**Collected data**
--

(* Let $P$ and $Q$ be Standard Meadow Forms (SMFs). Then each of the terms $P+Q$, $P\cdot Q$, $-P$ and $P^{-1}$ is provably equal, from the axioms $\mathrm{Md}$ in equational logic, to an SMF whose variables are among the variables occurring in $P$ and $Q$.
   Context: The signature of meadows is $\Sigma_m=(0,1,+,\cdot,-,{}^{-1})$. $\mathrm{Md}$ is the set of equations: $(x+y)+z=x+(y+z)$, $x+y=y+x$, $x+0=x$, $x+(-x)=0$, $(x\cdot y)\cdot z=x\cdot(y\cdot z)$, $x\cdot y=y\cdot x$, $1\cdot x=x$, $x\cdot(y+z)=x\cdot y+x\cdot z$, $(x^{-1})^{-1}=x$, $x\cdot(x\cdot x^{-1})=x$. Notation: $t/u$ abbreviates $t\cdot u^{-1}$; $1_t$ abbreviates $t\cdot t^{-1}$ and $0_t$ abbreviates $1-1_t$ (i.e. $1+(-1_t)$). A polynomial is a $\Sigma_m$-term not containing ${}^{-1}$. SMFs of level $n$ are defined inductively: an SMF of level $0$ is any term $s/t$ with $s,t$ polynomials; an SMF of level $n+1$ is any term $0_t\cdot P+1_t\cdot Q$ with $t$ a polynomial and $P,Q$ SMFs of level $n$. A term is an SMF if it is an SMF of some level $n\in\mathbb N$. *)

theory Defs
  imports Main
begin

datatype mterm =
    Var nat
  | Zero
  | One
  | Add mterm mterm
  | Mul mterm mterm
  | Neg mterm
  | Inv mterm

fun vars :: "mterm \<Rightarrow> nat set" where
  "vars (Var x) = {x}"
| "vars Zero = {}"
| "vars One = {}"
| "vars (Add s t) = vars s \<union> vars t"
| "vars (Mul s t) = vars s \<union> vars t"
| "vars (Neg s) = vars s"
| "vars (Inv s) = vars s"

fun subst :: "(nat \<Rightarrow> mterm) \<Rightarrow> mterm \<Rightarrow> mterm" where
  "subst \<sigma> (Var x) = \<sigma> x"
| "subst \<sigma> Zero = Zero"
| "subst \<sigma> One = One"
| "subst \<sigma> (Add s t) = Add (subst \<sigma> s) (subst \<sigma> t)"
| "subst \<sigma> (Mul s t) = Mul (subst \<sigma> s) (subst \<sigma> t)"
| "subst \<sigma> (Neg s) = Neg (subst \<sigma> s)"
| "subst \<sigma> (Inv s) = Inv (subst \<sigma> s)"

definition Md :: "(mterm \<times> mterm) set" where
  "Md = (let x = Var 0; y = Var 1; z = Var 2 in
     { (Add (Add x y) z, Add x (Add y z)),
       (Add x y, Add y x),
       (Add x Zero, x),
       (Add x (Neg x), Zero),
       (Mul (Mul x y) z, Mul x (Mul y z)),
       (Mul x y, Mul y x),
       (Mul One x, x),
       (Mul x (Add y z), Add (Mul x y) (Mul x z)),
       (Inv (Inv x), x),
       (Mul x (Mul x (Inv x)), x) })"

inductive eq_deriv :: "(mterm \<times> mterm) set \<Rightarrow> mterm \<Rightarrow> mterm \<Rightarrow> bool" for E where
  ax: "(s, t) \<in> E \<Longrightarrow> eq_deriv E s t"
| refl: "eq_deriv E t t"
| sym: "eq_deriv E s t \<Longrightarrow> eq_deriv E t s"
| trans: "eq_deriv E s t \<Longrightarrow> eq_deriv E t u \<Longrightarrow> eq_deriv E s u"
| inst: "eq_deriv E s t \<Longrightarrow> eq_deriv E (subst \<sigma> s) (subst \<sigma> t)"
| cong_add: "eq_deriv E s1 t1 \<Longrightarrow> eq_deriv E s2 t2 \<Longrightarrow> eq_deriv E (Add s1 s2) (Add t1 t2)"
| cong_mul: "eq_deriv E s1 t1 \<Longrightarrow> eq_deriv E s2 t2 \<Longrightarrow> eq_deriv E (Mul s1 s2) (Mul t1 t2)"
| cong_neg: "eq_deriv E s t \<Longrightarrow> eq_deriv E (Neg s) (Neg t)"
| cong_inv: "eq_deriv E s t \<Longrightarrow> eq_deriv E (Inv s) (Inv t)"
lemma index_Pmat:
  assumes "2 \<le> n" and "r < n" and "j < n"
  shows "Pmat n \<gamma> $$ (r, j) = (if r = (if j = n - 1 then 0 else j + 1) then (if j = 0 then \<gamma> else 1) else 0)"
  using assms unfolding Pmat_def by auto

lemma Pmat_gram:
  assumes "2 \<le> n" and "\<bar>\<gamma>\<bar> \<le> 1"
  defines "c \<equiv> mat 1 n (\<lambda>(_, j). if j = 0 then sqrt (1 - \<gamma>\<^sup>2) else 0)"
  shows "transpose_mat c * c + transpose_mat (Pmat n \<gamma>) * Pmat n \<gamma> = 1\<^sub>m n"
proof (rule eq_matI)
  fix i j assume "i < dim_row (1\<^sub>m n :: real mat)" and "j < dim_col (1\<^sub>m n :: real mat)"
  then have ij: "i < n" "j < n" by auto
  have "1 - \<gamma>\<^sup>2 \<ge> 0"
    using assms(2) by (simp add: abs_square_le_1)
  then have cc: "(transpose_mat c * c) $$ (i, j) = (if i = 0 \<and> j = 0 then 1 - \<gamma>\<^sup>2 else 0)"
    using ij by (simp add: c_def scalar_prod_def)
  have "(transpose_mat (Pmat n \<gamma>) * Pmat n \<gamma>) $$ (i, j) = (\<Sum>r<n. Pmat n \<gamma> $$ (r, i) * Pmat n \<gamma> $$ (r, j))"
    using ij by (simp add: Pmat_def scalar_prod_def lessThan_atLeast0)
  also have "\<dots> = (if i = j then (if i = 0 then \<gamma>\<^sup>2 else 1) else 0)"
    using ij assms by (auto simp: index_Pmat power2_eq_square if_distrib[of "\<lambda>x. x * _"] sum.delta
        cong: if_cong split: if_splits)
  finally show "(transpose_mat c * c + transpose_mat (Pmat n \<gamma>) * Pmat n \<gamma>) $$ (i, j) = 1\<^sub>m n $$ (i, j)"
    using ij cc by (simp add: c_def Pmat_def)
qed (auto simp: c_def Pmat_def)
lemma tetra_chain_disjoint:
  assumes "i < n1 + n2" "j < n1 + n2" "i \<noteq> j"
    and "j \<noteq> (i + 1) mod (n1 + n2)" "i \<noteq> (j + 1) mod (n1 + n2)"
  shows "tetra_chain i \<inter> tetra_chain j = {}"
proof -
  have "\<not> m dvd (int i - int j + \<delta>) * int n1" if "\<delta> \<in> {-1, 0, 1}" for \<delta>
    using not_m_dvd_index_diff[OF assms that] coprime_m_n1
    by (simp add: coprime_dvd_mult_left_iff)
  from this[of 0] this[of 1] this[of "-1"] show ?thesis
    unfolding tetra_chain_def by (intro tetra_disjoint) (simp_all add: algebra_simps)
qed

lemma circle_of_tetra_on_C: "circle_of_tetra_on C (n1 + n2) (\<lambda>i. tetra_faces (tetra_chain i))"
  unfolding circle_of_tetra_on_def
proof (intro conjI allI impI)
  show "3 \<le> n1 + n2" using n1_pos n1_less_n2 by simp
  have "C = \<Union> (tetra_faces ` range tetra)"
    unfolding C_eq_Union_tetra_faces by (simp add: image_image)
  then show "C = (\<Union>i<n1 + n2. tetra_faces (tetra_chain i))"
    unfolding range_tetra by (simp add: image_image)
  show "is_tetra_boundary (tetra_faces (tetra_chain i))" for i
    by (simp add: tetra_chain_def is_tetra_boundary_tetra_faces)
  show "\<exists>E. (\<forall>i<n1 + n2. finite (E i) \<and> card (E i) = 2 \<and>
          tetra_faces (tetra_chain i) \<inter> tetra_faces (tetra_chain ((i + 1) mod (n1 + n2))) =
          edge_faces (E i)) \<and>
        (\<forall>i<n1 + n2. E i \<inter> E ((i + (n1 + n2) - 1) mod (n1 + n2)) = {})"
  proof (intro exI[of _ "\<lambda>i. tritone (int i * int n1 + int n1)"] conjI allI impI)
    fix i assume "i < n1 + n2"
    then show "tritone (int i * int n1 + int n1) \<inter>
        tritone (int ((i + (n1 + n2) - 1) mod (n1 + n2)) * int n1 + int n1) = {}"
      by (rule tritone_chain_disjoint_prev)
  qed (simp_all only: tetra_faces_Int tetra_chain_Int_next finite_tritone card_tritone
      tetra_faces_card_2)
  show "tetra_faces (tetra_chain i) \<inter> tetra_faces (tetra_chain j) = {}"
    if "i < n1 + n2" "j < n1 + n2"
      "i \<noteq> j \<and> j \<noteq> (i + 1) mod (n1 + n2) \<and> i \<noteq> (j + 1) mod (n1 + n2)" for i j
    using tetra_chain_disjoint that by (simp add: tetra_faces_Int)
qed

lemma tritone_subset_tetra_iff:
  "tritone a \<subseteq> tetra c \<longleftrightarrow> tetra c = tetra a \<or> tetra c = tetra (a - int n1)"
proof
  assume "tritone a \<subseteq> tetra c"
  then have "a mod period \<in> tetra c" by (auto simp: tritone_eq)
  then have "a mod m = c mod m \<or> a mod m = (c + int n1) mod m" by (auto simp: mem_tetra)
  then show "tetra c = tetra a \<or> tetra c = tetra (a - int n1)"
  proof
    assume "a mod m = (c + int n1) mod m"
    then have "(a - int n1) mod m = (c + int n1 - int n1) mod m" by (metis mod_diff_cong)
    then have "(a - int n1) mod m = c mod m" by simp
    then show ?thesis by (metis tetra_cong)
  qed (metis tetra_cong)
next
  assume "tetra c = tetra a \<or> tetra c = tetra (a - int n1)"
  then show "tritone a \<subseteq> tetra c" using tetra_Int_tetra_prev by blast
qed

lemma triangles_through_tritone:
  "{\<sigma> \<in> C. card \<sigma> = 3 \<and> tritone a \<subseteq> \<sigma>} =
    {\<sigma>. card \<sigma> = 3 \<and> tritone a \<subseteq> \<sigma> \<and> (\<sigma> \<subseteq> tetra a \<or> \<sigma> \<subseteq> tetra (a - int n1))}"
proof -
  have "\<sigma> \<in> C \<longleftrightarrow> \<sigma> \<subseteq> tetra a \<or> \<sigma> \<subseteq> tetra (a - int n1)"
    if "card \<sigma> = 3" "tritone a \<subseteq> \<sigma>" for \<sigma>
  proof -
    from that(1) have "\<sigma> \<in> C \<longleftrightarrow> (\<exists>c. \<sigma> \<subseteq> tetra c)" by (rule triangle_in_C_iff)
    also have "\<dots> \<longleftrightarrow> \<sigma> \<subseteq> tetra a \<or> \<sigma> \<subseteq> tetra (a - int n1)"
      using that(2) tritone_subset_tetra_iff by blast
    finally show ?thesis .
  qed
  then show ?thesis by auto
qed

lemma triangles_through_tritone_eq_image:
  "{\<sigma> \<in> C. card \<sigma> = 3 \<and> tritone a \<subseteq> \<sigma>} =
    (\<lambda>y. insert y (tritone a)) ` (tritone (a + int n1) \<union> tritone (a - int n1))"
  (is "?S = _ ` ?Y")
proof -
  have "tetra (a - int n1) = tritone (a - int n1) \<union> tritone a" by (simp add: tetra_def)
  then have tetras: "tetra a \<union> tetra (a - int n1) = tritone a \<union> ?Y" by (auto simp: tetra_def)
  have "(a - int n1) mod m \<noteq> a mod m" using add_n1_mod_m_neq[of "a - int n1"] by simp
  then have disj: "?Y \<inter> tritone a = {}"
    using tritone_disjoint add_n1_mod_m_neq by blast
  have "\<sigma> \<in> ?S \<longleftrightarrow> \<sigma> \<in> (\<lambda>y. insert y (tritone a)) ` ?Y" for \<sigma>
  proof
    assume "\<sigma> \<in> ?S"
    then have \<sigma>: "card \<sigma> = 3" "tritone a \<subseteq> \<sigma>" "\<sigma> \<subseteq> tetra a \<or> \<sigma> \<subseteq> tetra (a - int n1)"
      unfolding triangles_through_tritone by auto
    then have "card (\<sigma> - tritone a) = 1" by (simp add: card_Diff_subset)
    then obtain y where y: "\<sigma> - tritone a = {y}" by (rule card_1_singletonE)
    then have "\<sigma> = insert y (tritone a)" using \<sigma>(2) by blast
    moreover have "y \<in> ?Y" using \<sigma>(3) y tetras by blast
    ultimately show "\<sigma> \<in> (\<lambda>y. insert y (tritone a)) ` ?Y" by blast
  next
    assume "\<sigma> \<in> (\<lambda>y. insert y (tritone a)) ` ?Y"
    then obtain y where y: "y \<in> ?Y" "\<sigma> = insert y (tritone a)" by blast
    then have "y \<notin> tritone a" using disj by blast
    then have "card \<sigma> = 3" using y(2) by simp
    moreover have "\<sigma> \<subseteq> tetra a \<or> \<sigma> \<subseteq> tetra (a - int n1)" using y by (auto simp: tetra_def)
    ultimately show "\<sigma> \<in> ?S" unfolding triangles_through_tritone using y by blast
  qed
  then show ?thesis by (rule set_eqI)
qed
lemma B0_invariant_bracket:
  fixes b :: "('n::finite \<Rightarrow> 'k::field) \<times> ('n \<Rightarrow> 'k) \<Rightarrow> ('n \<Rightarrow> 'k) \<times> ('n \<Rightarrow> 'k) \<Rightarrow> ('n \<Rightarrow> 'k) \<times> ('n \<Rightarrow> 'k)"
  assumes add_left: "\<And>p q r. b (p + q) r = b p r + b q r"
    and add_right: "\<And>p q r. b r (p + q) = b r p + b r q"
    and skew: "\<And>p q. b p q = - b q p"
    and invariant: "\<And>p q r. B0 (b p q) r = - B0 q (b p r)"
    and on_base: "\<And>x y. b (x, 0) (y, 0) = (br x y, 0)"
    and on_dual: "\<And>\<xi> \<eta>. b (0, \<xi>) (0, \<eta>) = (0, brs \<xi> \<eta>)"
  shows "B0 (b (x, \<xi>) (y, \<eta>)) (z, \<zeta>) = dbr_pairing br brs x \<xi> y \<eta> z \<zeta>"
proof -
  have mixed: "B0 (b (a, 0) (0, \<eta>')) (c, \<zeta>') = pair a (brs \<eta>' \<zeta>') - pair (br a c) \<eta>'"
    for a c \<eta>' \<zeta>'
  proof -
    have "B0 (b (a, 0) (0, \<eta>')) (c, 0) = - pair (br a c) \<eta>'"
      using invariant[of "(a, 0)" "(0, \<eta>')" "(c, 0)"] by (simp add: on_base)
    moreover have "B0 (b (a, 0) (0, \<eta>')) (0, \<zeta>') = pair a (brs \<eta>' \<zeta>')"
      using skew[of "(a, 0)"] invariant[of "(0, \<eta>')" "(a, 0)" "(0, \<zeta>')"] by (simp add: on_dual)
    ultimately show ?thesis
      by (simp add: B0_def)
  qed
  have "B0 (b (0, \<xi>) (y, 0)) (z, \<zeta>) = pair (br y z) \<xi> - pair y (brs \<xi> \<zeta>)"
    unfolding skew[of "(0, \<xi>)" "(y, 0)"] B0_minus_left mixed by simp
  with mixed[of x \<eta> z \<zeta>] show ?thesis
    unfolding biadditive_expand[of b x \<xi> y \<eta>, OF add_left add_right] dbr_pairing_def
    by (simp add: on_base on_dual)
qed

lemma B0_eq_base_if_fst_zero: "fst p = 0 \<Longrightarrow> B0 p (x, \<xi>) = B0 p (x, 0)"
  unfolding B0_def by simp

--

**Your goal**
Would you copy each line of the records that contains "vars"?

**Solution below**
fun vars :: "mterm \<Rightarrow> nat set" where
  "vars (Var x) = {x}"
| "vars Zero = {}"
| "vars One = {}"
| "vars (Add s t) = vars s \<union> vars t"
| "vars (Mul s t) = vars s \<union> vars t"
| "vars (Neg s) = vars s"
| "vars (Inv s) = vars s"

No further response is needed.